First Android Dedicated GPS Unit Actually Looks Pretty Decent

Considering Android is getting on in age, it’s surprising it hasn’t been featured on more “miscellaneous” devices. Phones and tablets, sure, but we haven’t seen many, say, DVD players or PMPs using the OS. And certainly not GPS devices, whose proprietary libraries and interfaces were developed at great cost, leading the companies that made them working desperately to squeeze every last penny out of them. But perhaps we’re about to see that change.
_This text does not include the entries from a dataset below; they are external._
(* Let $x_2=F(t,x,x_1)$ be a second-order ODE and suppose that for some smooth $H=H(t,x,x_1)$ the system $(S_H)$ admits a nonlocal symmetry $\mathbf{v}=\xi\partial_t+\eta^0\partial_x+\psi^0\partial_w$ (coefficients functions of $(t,x,x_1,w)$) with associated functionally independent functions $z=z(t,x)$, $\zeta=\zeta(t,x,x_1)$, i.e. $\mathbf v(z)=0$, $\mathbf v^{(1)}(\zeta)|_\Delta=0$ and the equation can be written in terms of $\{z,\zeta,\zeta_z\}$ as a first-order ODE. Then: (i) If $\xi\neq0$, the functions $\eta^0/\xi$ and $\widetilde\lambda=\frac{\xi_t+\xi_xx_1+\xi_{x_1}F+\xi_wH}{\xi}$ do not depend on $w$, and the pair $\widetilde{\mathbf X}=\partial_t+\frac{\eta^0}{\xi}\partial_x$, $\widetilde\lambda$ defines a $\lambda$-symmetry of $x_2=F$. (ii) If $\xi=0$, the function $\widetilde\lambda=\frac{\eta^0_t+\eta^0_xx_1+\eta^0_{x_1}F+\eta^0_wH}{\eta^0}$ does not depend on $w$, and the pair $\widetilde{\mathbf X}=\partial_x$, $\widetilde\lambda$ defines a $\lambda$-symmetry of $x_2=F$. In both cases $\{z,\zeta,\zeta_z\}$ is a complete system of invariants of $\widetilde{\mathbf X}^{[\widetilde\lambda,(1)]}$.
   Context: Let $F=F(t,x,x_1)$ be smooth, and for a smooth $H=H(t,x,x_1)$ let $(S_H)$ be the system $x_2=F(t,x,x_1)$, $w_1=H(t,x,x_1)$ in the dependent variables $x,w$; $\Delta$ denotes the submanifold of the jet space defined by $(S_H)$. $\widetilde D_t=\partial_t+x_1\partial_x+x_2\partial_{x_1}+w_1\partial_w+\cdots$ is the total derivative in these variables, and $D_t=\partial_t+x_1\partial_x+x_2\partial_{x_1}+\cdots$. For $\mathbf v=\xi\partial_t+\eta^0\partial_x+\psi^0\partial_w$ with coefficients depending on $(t,x,x_1,w)$, its prolongation $\mathbf v^{(k)}$ adds $\sum_{i=1}^k(\eta^i\partial_{x_i}+\psi^i\partial_{w_i})$ with $\eta^i=\widetilde D_t(\eta^{i-1})-\widetilde D_t(\xi)x_i$, $\psi^i=\widetilde D_t(\psi^{i-1})-\widetilde D_t(\xi)w_i$. $\mathbf v$ is a (generalized) symmetry of $(S_H)$ if $\mathbf v^{(2)}(x_2-F)$ and $\mathbf v^{(2)}(w_1-H)$ vanish on $\Delta$. A nonlocal symmetry of $x_2=F$ associated to $(S_H)$ is such a symmetry with $(\xi_w)^2+(\eta^0_w)^2\neq0$ for which there exist functionally independent $z=z(t,x)$, $\zeta=\zeta(t,x,x_1)$ (with $\zeta_{x_1}\ne0$) such that $\mathbf v(z)=0$, $\mathbf v^{(1)}(\zeta)|_\Delta=0$, and $x_2=F$ can be written in terms of $\{z,\zeta,\zeta_z\}$, $\zeta_z=D_t\zeta/D_tz$, as a first-order ODE. For $\lambda=\lambda(t,x,x_1)$ and $\mathbf X=\rho(t,x)\partial_t+\phi^0(t,x)\partial_x$, $\mathbf{X}^{[\lambda,(k)]}=\rho\partial_t+\phi^0\partial_x+\sum_{i=1}^k\phi^{[\lambda,(i)]}\partial_{x_i}$, $\phi^{[\lambda,(0)]}=\phi^0$, $\phi^{[\lambda,(i)]}=D_t(\phi^{[\lambda,(i-1)]})-D_t(\rho)x_i+\lambda(\phi^{[\lambda,(i-1)]}-\rho x_i)$; $(\mathbf X,\lambda)$ defines a $\lambda$-symmetry of $x_2=F$ if $\mathbf X^{[\lambda,(2)]}$ is tangent to $\{x_2=F\}$. *)

theory Defs
  imports "HOL-Analysis.Analysis"
begin

text \<open>g is C-infinity iff it lies in a family of everywhere (Frechet) differentiable functions
  that is closed under taking directional derivatives.\<close>
definition smooth :: "('a::real_normed_vector \<Rightarrow> real) \<Rightarrow> bool" where
  "smooth g \<longleftrightarrow> (\<exists>S. g \<in> S \<and> (\<forall>h\<in>S. \<exists>h'. (\<forall>y. (h has_derivative h' y) (at y))
                                          \<and> (\<forall>v. (\<lambda>y. h' y v) \<in> S)))"

definition smooth2 :: "(real \<Rightarrow> real \<Rightarrow> real) \<Rightarrow> bool" where
  "smooth2 f \<longleftrightarrow> smooth (\<lambda>(a,b). f a b)"
definition smooth3 :: "(real \<Rightarrow> real \<Rightarrow> real \<Rightarrow> real) \<Rightarrow> bool" where
  "smooth3 f \<longleftrightarrow> smooth (\<lambda>(a,b,c). f a b c)"
definition smooth4 :: "(real \<Rightarrow> real \<Rightarrow> real \<Rightarrow> real \<Rightarrow> real) \<Rightarrow> bool" where
  "smooth4 f \<longleftrightarrow> smooth (\<lambda>(a,b,c,d). f a b c d)"

definition pt4 :: "(real \<Rightarrow> real \<Rightarrow> real \<Rightarrow> real \<Rightarrow> real) \<Rightarrow> real \<Rightarrow> real \<Rightarrow> real \<Rightarrow> real \<Rightarrow> real" where
  "pt4 g t x p w = deriv (\<lambda>s. g s x p w) t"
definition px4 :: "(real \<Rightarrow> real \<Rightarrow> real \<Rightarrow> real \<Rightarrow> real) \<Rightarrow> real \<Rightarrow> real \<Rightarrow> real \<Rightarrow> real \<Rightarrow> real" where
  "px4 g t x p w = deriv (\<lambda>s. g t s p w) x"
definition pp4 :: "(real \<Rightarrow> real \<Rightarrow> real \<Rightarrow> real \<Rightarrow> real) \<Rightarrow> real \<Rightarrow> real \<Rightarrow> real \<Rightarrow> real \<Rightarrow> real" where
  "pp4 g t x p w = deriv (\<lambda>s. g t x s w) p"
definition pw4 :: "(real \<Rightarrow> real \<Rightarrow> real \<Rightarrow> real \<Rightarrow> real) \<Rightarrow> real \<Rightarrow> real \<Rightarrow> real \<Rightarrow> real \<Rightarrow> real" where
  "pw4 g t x p w = deriv (\<lambda>s. g t x p s) w"

definition lam_tilde :: "(real \<Rightarrow> real \<Rightarrow> real \<Rightarrow> real \<Rightarrow> real) \<Rightarrow> (real \<Rightarrow> real \<Rightarrow> real \<Rightarrow> real)
    \<Rightarrow> (real \<Rightarrow> real \<Rightarrow> real \<Rightarrow> real) \<Rightarrow> real \<Rightarrow> real \<Rightarrow> real \<Rightarrow> real \<Rightarrow> real" where
  "lam_tilde c F H t x p w =
     (pt4 c t x p w + px4 c t x p w * p + pp4 c t x p w * F t x p + pw4 c t x p w * H t x p) / c t x p w"

text \<open>A jet point is (t, X, W) with X i = x_i and W i = w_i (X 0 = x, W 0 = w).\<close>
type_synonym wjet_fun = "real \<Rightarrow> (nat \<Rightarrow> real) \<Rightarrow> (nat \<Rightarrow> real) \<Rightarrow> real"

definition wpd_t :: "wjet_fun \<Rightarrow> wjet_fun" where
  "wpd_t f t X W = deriv (\<lambda>s. f s X W) t"
definition wpd_x :: "nat \<Rightarrow> wjet_fun \<Rightarrow> wjet_fun" where
  "wpd_x i f t X W = deriv (\<lambda>s. f t (X(i := s)) W) (X i)"
definition wpd_w :: "nat \<Rightarrow> wjet_fun \<Rightarrow> wjet_fun" where
  "wpd_w i f t X W = deriv (\<lambda>s. f t X (W(i := s))) (W i)"

text \<open>Total derivative tilde-D_t = d_t + x1 d_x + x2 d_x1 + ... + w1 d_w + w2 d_w1 + ...
  (the series has only finitely many nonzero terms for functions of finitely many coordinates).\<close>
definition totDw :: "wjet_fun \<Rightarrow> wjet_fun" where
  "totDw f t X W = wpd_t f t X W
     + (\<Sum>i. X (Suc i) * wpd_x i f t X W + W (Suc i) * wpd_w i f t X W)"

definition lift4 :: "(real \<Rightarrow> real \<Rightarrow> real \<Rightarrow> real \<Rightarrow> real) \<Rightarrow> wjet_fun" where
  "lift4 g t X W = g t (X 0) (X 1) (W 0)"
definition lift3w :: "(real \<Rightarrow> real \<Rightarrow> real \<Rightarrow> real) \<Rightarrow> wjet_fun" where
  "lift3w g t X W = g t (X 0) (X 1)"
definition lift2w :: "(real \<Rightarrow> real \<Rightarrow> real) \<Rightarrow> wjet_fun" where
  "lift2w g t X W = g t (X 0)"

fun eta_prol :: "wjet_fun \<Rightarrow> wjet_fun \<Rightarrow> nat \<Rightarrow> wjet_fun" where
  "eta_prol xi eta 0 = eta"
| "eta_prol xi eta (Suc i) =
     (\<lambda>t X W. totDw (eta_prol xi eta i) t X W - totDw xi t X W * X (Suc i))"

fun psi_prol :: "wjet_fun \<Rightarrow> wjet_fun \<Rightarrow> nat \<Rightarrow> wjet_fun" where
  "psi_prol xi psi 0 = psi"
| "psi_prol xi psi (Suc i) =
     (\<lambda>t X W. totDw (psi_prol xi psi i) t X W - totDw xi t X W * W (Suc i))"

definition prol_apply :: "(real \<Rightarrow> real \<Rightarrow> real \<Rightarrow> real \<Rightarrow> real) \<Rightarrow> (real \<Rightarrow> real \<Rightarrow> real \<Rightarrow> real \<Rightarrow> real)
    \<Rightarrow> (real \<Rightarrow> real \<Rightarrow> real \<Rightarrow> real \<Rightarrow> real) \<Rightarrow> nat \<Rightarrow> wjet_fun \<Rightarrow> wjet_fun" where
  "prol_apply xi eta psi k f t X W =
     lift4 xi t X W * wpd_t f t X W
     + (\<Sum>i\<le>k. eta_prol (lift4 xi) (lift4 eta) i t X W * wpd_x i f t X W
              + psi_prol (lift4 xi) (lift4 psi) i t X W * wpd_w i f t X W)"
GPS maker Holux and sporting map app company SatSki have put out the All Sports GPS, a handset-like unit that has multiple sports-related mapping tools, lots of live maps (Google of course, OVI, OpenStreetMap, and more), and a location and distance-focused interface. Average speed, altitude changes, all that stuff.

It also has Facebook and Twitter baked right in, so you can tell all your friends your coordinates. Unfortunately, it doesn’t seem to have access to other Google services like GMail or the market, though there is a sub-market called the All Sports App Market that probably will have a few random useful apps.

Sure, it’s not a breakthrough device, but it’s rugged, hackable, and full of location-y goodness. I doubt this is the last one of these devices we’ll be seeing. Garmin and the rest can only fight for so long before they too are assimilated.

No availability or pricing is available right now — nor specs or anything really, let’s hope this thing exists.